Nothing is needed except the lines below that run from the one with "image_mset (\<lambda>u. cur_pen" through the one with "M = sort (rev", repeated exactly.

● ● ● ● ●

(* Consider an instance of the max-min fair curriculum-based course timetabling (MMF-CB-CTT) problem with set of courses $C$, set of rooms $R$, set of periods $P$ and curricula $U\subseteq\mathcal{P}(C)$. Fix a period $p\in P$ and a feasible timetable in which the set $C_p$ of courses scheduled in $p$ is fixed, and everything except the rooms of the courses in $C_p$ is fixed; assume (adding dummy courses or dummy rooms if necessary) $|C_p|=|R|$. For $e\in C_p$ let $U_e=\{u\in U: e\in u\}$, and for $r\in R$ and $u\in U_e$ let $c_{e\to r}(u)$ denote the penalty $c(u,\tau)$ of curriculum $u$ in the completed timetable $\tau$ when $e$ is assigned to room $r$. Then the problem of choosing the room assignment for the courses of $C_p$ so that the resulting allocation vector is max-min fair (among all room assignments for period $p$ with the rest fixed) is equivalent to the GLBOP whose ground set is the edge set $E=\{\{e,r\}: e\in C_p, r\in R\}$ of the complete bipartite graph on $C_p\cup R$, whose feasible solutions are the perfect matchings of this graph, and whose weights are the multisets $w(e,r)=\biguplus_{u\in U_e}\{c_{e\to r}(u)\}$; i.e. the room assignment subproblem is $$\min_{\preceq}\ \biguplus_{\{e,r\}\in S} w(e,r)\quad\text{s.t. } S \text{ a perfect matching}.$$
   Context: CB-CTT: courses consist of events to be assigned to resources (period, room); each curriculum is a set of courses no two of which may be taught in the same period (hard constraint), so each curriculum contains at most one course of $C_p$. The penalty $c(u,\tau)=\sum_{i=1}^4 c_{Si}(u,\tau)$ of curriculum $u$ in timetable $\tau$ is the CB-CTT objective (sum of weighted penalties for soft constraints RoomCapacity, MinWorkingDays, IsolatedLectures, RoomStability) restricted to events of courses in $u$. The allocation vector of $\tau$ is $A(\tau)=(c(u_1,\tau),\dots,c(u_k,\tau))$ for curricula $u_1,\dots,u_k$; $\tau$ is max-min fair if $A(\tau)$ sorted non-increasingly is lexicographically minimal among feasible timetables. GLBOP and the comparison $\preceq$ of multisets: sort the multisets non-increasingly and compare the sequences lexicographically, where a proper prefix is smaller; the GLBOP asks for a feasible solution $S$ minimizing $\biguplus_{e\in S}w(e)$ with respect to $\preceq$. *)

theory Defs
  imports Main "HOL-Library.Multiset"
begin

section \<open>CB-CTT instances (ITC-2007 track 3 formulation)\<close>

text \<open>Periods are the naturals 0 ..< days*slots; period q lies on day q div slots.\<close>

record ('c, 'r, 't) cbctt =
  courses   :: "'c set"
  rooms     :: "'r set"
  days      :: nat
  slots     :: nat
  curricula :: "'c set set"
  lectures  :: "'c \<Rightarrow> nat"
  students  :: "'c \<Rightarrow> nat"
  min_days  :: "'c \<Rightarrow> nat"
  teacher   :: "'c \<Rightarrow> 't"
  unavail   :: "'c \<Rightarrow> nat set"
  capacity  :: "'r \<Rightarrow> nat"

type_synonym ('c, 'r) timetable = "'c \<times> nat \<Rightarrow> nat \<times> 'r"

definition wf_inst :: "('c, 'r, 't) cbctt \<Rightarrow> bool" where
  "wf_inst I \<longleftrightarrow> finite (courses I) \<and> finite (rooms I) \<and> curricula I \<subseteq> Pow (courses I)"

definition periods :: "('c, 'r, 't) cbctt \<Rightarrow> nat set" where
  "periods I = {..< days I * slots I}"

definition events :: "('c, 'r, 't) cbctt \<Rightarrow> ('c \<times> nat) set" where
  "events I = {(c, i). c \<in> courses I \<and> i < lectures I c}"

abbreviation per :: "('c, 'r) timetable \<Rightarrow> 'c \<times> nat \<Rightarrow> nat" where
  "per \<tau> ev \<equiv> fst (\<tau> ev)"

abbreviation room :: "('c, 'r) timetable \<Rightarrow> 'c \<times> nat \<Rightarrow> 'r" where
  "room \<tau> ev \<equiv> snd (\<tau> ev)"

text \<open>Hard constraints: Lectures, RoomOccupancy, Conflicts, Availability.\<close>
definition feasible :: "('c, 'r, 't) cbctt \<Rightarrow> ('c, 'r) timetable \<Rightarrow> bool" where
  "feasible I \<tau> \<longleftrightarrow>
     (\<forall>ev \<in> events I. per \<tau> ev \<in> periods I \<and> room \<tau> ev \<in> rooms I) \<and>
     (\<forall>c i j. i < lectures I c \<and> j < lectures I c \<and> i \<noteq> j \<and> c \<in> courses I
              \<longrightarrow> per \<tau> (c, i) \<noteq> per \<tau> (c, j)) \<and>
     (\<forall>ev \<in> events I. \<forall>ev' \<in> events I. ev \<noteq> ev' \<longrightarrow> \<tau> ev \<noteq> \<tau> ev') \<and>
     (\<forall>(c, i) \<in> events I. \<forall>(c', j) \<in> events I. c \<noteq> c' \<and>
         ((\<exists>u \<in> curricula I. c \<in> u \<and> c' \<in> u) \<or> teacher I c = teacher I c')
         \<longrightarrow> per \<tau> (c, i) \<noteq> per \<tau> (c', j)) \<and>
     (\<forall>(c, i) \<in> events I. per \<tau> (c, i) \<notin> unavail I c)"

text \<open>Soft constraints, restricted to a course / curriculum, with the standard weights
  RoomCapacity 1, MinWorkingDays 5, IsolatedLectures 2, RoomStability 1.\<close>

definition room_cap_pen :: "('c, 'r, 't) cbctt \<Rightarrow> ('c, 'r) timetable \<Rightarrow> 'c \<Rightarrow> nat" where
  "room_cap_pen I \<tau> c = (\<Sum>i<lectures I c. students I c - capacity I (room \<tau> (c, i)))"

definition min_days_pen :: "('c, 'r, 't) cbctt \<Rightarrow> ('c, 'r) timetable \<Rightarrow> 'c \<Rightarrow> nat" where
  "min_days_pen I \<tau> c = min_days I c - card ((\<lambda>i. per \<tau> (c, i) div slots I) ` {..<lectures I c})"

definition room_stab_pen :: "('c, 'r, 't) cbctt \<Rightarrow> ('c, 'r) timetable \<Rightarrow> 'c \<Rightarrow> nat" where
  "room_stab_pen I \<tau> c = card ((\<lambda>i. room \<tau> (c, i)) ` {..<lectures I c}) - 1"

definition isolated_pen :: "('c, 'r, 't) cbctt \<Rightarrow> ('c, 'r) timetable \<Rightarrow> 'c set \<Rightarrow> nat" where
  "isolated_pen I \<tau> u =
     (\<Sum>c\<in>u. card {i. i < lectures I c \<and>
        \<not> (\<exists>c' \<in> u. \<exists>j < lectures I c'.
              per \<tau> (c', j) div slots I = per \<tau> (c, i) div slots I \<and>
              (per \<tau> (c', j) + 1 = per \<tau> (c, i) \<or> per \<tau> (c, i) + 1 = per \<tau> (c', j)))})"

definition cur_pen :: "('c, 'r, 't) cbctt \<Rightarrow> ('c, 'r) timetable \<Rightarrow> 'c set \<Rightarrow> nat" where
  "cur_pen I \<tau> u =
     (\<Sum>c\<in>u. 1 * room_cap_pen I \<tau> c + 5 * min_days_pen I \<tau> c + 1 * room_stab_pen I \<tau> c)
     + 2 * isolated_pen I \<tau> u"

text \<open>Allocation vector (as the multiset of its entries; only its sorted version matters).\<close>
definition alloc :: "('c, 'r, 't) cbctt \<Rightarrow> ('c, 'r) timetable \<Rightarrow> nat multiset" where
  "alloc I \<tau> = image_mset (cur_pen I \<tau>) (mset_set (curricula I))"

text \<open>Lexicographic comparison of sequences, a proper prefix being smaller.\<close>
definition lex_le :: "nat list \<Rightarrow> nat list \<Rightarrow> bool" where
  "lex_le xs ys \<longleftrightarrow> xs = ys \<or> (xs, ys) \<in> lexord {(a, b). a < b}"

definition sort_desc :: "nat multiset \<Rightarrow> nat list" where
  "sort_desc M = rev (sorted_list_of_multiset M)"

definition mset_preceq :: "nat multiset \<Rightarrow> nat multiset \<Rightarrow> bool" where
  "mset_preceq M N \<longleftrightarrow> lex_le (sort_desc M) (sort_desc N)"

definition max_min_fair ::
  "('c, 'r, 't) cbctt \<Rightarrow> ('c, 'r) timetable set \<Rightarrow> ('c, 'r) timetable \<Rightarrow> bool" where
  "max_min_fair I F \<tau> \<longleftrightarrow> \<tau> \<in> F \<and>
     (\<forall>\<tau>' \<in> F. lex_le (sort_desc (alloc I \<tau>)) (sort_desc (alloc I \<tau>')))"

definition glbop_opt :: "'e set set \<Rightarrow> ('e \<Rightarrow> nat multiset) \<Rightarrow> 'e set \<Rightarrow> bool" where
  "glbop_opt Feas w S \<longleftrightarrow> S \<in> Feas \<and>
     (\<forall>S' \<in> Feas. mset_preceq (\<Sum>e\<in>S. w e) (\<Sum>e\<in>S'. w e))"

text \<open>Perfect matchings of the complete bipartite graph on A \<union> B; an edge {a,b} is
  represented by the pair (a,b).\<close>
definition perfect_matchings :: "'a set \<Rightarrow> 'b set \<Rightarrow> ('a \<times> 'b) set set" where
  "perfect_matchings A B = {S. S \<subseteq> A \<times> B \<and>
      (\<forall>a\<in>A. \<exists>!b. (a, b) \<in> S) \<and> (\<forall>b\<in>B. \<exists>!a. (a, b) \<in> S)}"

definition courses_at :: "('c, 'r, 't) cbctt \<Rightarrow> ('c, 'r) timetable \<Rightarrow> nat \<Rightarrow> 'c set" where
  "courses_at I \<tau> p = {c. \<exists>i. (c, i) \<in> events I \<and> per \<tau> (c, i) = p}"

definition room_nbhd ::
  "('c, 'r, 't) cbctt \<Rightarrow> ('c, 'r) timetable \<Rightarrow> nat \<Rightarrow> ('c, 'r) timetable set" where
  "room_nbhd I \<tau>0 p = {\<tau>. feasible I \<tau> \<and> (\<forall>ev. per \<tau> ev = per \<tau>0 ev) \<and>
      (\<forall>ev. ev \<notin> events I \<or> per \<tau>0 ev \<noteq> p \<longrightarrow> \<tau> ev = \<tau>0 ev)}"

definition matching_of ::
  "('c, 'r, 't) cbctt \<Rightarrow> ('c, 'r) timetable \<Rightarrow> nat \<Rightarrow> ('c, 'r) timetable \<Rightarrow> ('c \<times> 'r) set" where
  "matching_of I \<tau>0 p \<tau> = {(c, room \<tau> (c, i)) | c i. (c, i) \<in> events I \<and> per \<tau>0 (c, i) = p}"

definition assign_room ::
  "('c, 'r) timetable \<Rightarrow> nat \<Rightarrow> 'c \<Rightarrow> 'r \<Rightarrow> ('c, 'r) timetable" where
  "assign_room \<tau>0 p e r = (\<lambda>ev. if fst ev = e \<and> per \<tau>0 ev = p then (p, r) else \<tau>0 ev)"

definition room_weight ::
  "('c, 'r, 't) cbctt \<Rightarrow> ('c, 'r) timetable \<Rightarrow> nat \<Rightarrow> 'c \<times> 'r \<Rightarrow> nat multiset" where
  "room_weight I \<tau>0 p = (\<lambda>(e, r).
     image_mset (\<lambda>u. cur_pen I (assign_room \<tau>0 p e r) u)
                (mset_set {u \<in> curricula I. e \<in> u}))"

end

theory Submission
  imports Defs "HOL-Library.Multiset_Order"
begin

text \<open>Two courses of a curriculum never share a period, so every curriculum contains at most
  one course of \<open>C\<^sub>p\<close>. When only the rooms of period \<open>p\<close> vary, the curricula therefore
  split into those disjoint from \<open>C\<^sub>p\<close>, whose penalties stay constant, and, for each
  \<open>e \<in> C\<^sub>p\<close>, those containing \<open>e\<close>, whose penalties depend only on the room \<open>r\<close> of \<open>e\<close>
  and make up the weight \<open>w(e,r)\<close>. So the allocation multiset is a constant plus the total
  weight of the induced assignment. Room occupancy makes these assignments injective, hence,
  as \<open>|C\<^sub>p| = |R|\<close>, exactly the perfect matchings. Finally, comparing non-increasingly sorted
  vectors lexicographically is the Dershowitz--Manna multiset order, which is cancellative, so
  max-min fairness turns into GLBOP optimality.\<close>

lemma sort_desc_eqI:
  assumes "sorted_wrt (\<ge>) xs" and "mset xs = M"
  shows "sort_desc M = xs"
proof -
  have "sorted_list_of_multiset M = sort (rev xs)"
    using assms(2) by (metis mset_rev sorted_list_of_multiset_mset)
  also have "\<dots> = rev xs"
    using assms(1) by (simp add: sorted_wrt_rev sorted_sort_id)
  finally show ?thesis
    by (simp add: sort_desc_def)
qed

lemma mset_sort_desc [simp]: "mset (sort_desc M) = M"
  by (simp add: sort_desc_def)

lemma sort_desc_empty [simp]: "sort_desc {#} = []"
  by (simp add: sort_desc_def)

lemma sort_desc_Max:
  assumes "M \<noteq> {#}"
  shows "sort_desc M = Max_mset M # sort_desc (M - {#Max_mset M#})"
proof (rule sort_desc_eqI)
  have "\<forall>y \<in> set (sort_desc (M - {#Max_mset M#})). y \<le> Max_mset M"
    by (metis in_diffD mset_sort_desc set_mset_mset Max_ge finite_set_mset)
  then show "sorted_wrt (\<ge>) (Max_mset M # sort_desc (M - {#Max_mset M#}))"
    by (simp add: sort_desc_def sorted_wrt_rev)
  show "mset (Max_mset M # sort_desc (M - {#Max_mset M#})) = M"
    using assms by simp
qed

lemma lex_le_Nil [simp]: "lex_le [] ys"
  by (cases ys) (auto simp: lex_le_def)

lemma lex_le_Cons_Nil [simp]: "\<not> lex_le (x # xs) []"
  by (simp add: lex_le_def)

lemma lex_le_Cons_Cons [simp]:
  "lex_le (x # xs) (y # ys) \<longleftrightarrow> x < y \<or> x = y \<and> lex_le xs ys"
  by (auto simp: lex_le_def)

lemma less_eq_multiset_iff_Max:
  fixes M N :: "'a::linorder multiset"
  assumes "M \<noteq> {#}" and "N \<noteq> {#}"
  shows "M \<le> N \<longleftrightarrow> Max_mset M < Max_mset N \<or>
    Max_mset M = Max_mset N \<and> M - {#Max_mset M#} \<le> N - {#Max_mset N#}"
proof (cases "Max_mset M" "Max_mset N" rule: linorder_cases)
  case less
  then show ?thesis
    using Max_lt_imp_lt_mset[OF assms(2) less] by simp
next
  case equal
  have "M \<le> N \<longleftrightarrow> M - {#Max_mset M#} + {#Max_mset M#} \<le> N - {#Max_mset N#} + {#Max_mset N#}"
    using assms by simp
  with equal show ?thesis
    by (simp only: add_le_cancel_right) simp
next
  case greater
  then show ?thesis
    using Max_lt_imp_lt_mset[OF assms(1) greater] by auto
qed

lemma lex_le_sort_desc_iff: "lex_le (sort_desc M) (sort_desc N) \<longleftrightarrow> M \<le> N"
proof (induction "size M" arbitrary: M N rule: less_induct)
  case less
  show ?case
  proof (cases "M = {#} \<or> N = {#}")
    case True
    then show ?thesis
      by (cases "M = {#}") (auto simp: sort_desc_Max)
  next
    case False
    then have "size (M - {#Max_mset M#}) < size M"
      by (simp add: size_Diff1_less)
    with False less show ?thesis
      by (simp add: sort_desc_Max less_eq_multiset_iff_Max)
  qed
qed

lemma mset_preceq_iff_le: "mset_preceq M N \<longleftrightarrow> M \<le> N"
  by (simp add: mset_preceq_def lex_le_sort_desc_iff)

● ● ● ● ●

» EXPECTED ANSWER:
     image_mset (\<lambda>u. cur_pen I (assign_room \<tau>0 p e r) u)
                (mset_set {u \<in> curricula I. e \<in> u}))"

end

theory Submission
  imports Defs "HOL-Library.Multiset_Order"
begin

text \<open>Two courses of a curriculum never share a period, so every curriculum contains at most
  one course of \<open>C\<^sub>p\<close>. When only the rooms of period \<open>p\<close> vary, the curricula therefore
  split into those disjoint from \<open>C\<^sub>p\<close>, whose penalties stay constant, and, for each
  \<open>e \<in> C\<^sub>p\<close>, those containing \<open>e\<close>, whose penalties depend only on the room \<open>r\<close> of \<open>e\<close>
  and make up the weight \<open>w(e,r)\<close>. So the allocation multiset is a constant plus the total
  weight of the induced assignment. Room occupancy makes these assignments injective, hence,
  as \<open>|C\<^sub>p| = |R|\<close>, exactly the perfect matchings. Finally, comparing non-increasingly sorted
  vectors lexicographically is the Dershowitz--Manna multiset order, which is cancellative, so
  max-min fairness turns into GLBOP optimality.\<close>

lemma sort_desc_eqI:
  assumes "sorted_wrt (\<ge>) xs" and "mset xs = M"
  shows "sort_desc M = xs"
proof -
  have "sorted_list_of_multiset M = sort (rev xs)"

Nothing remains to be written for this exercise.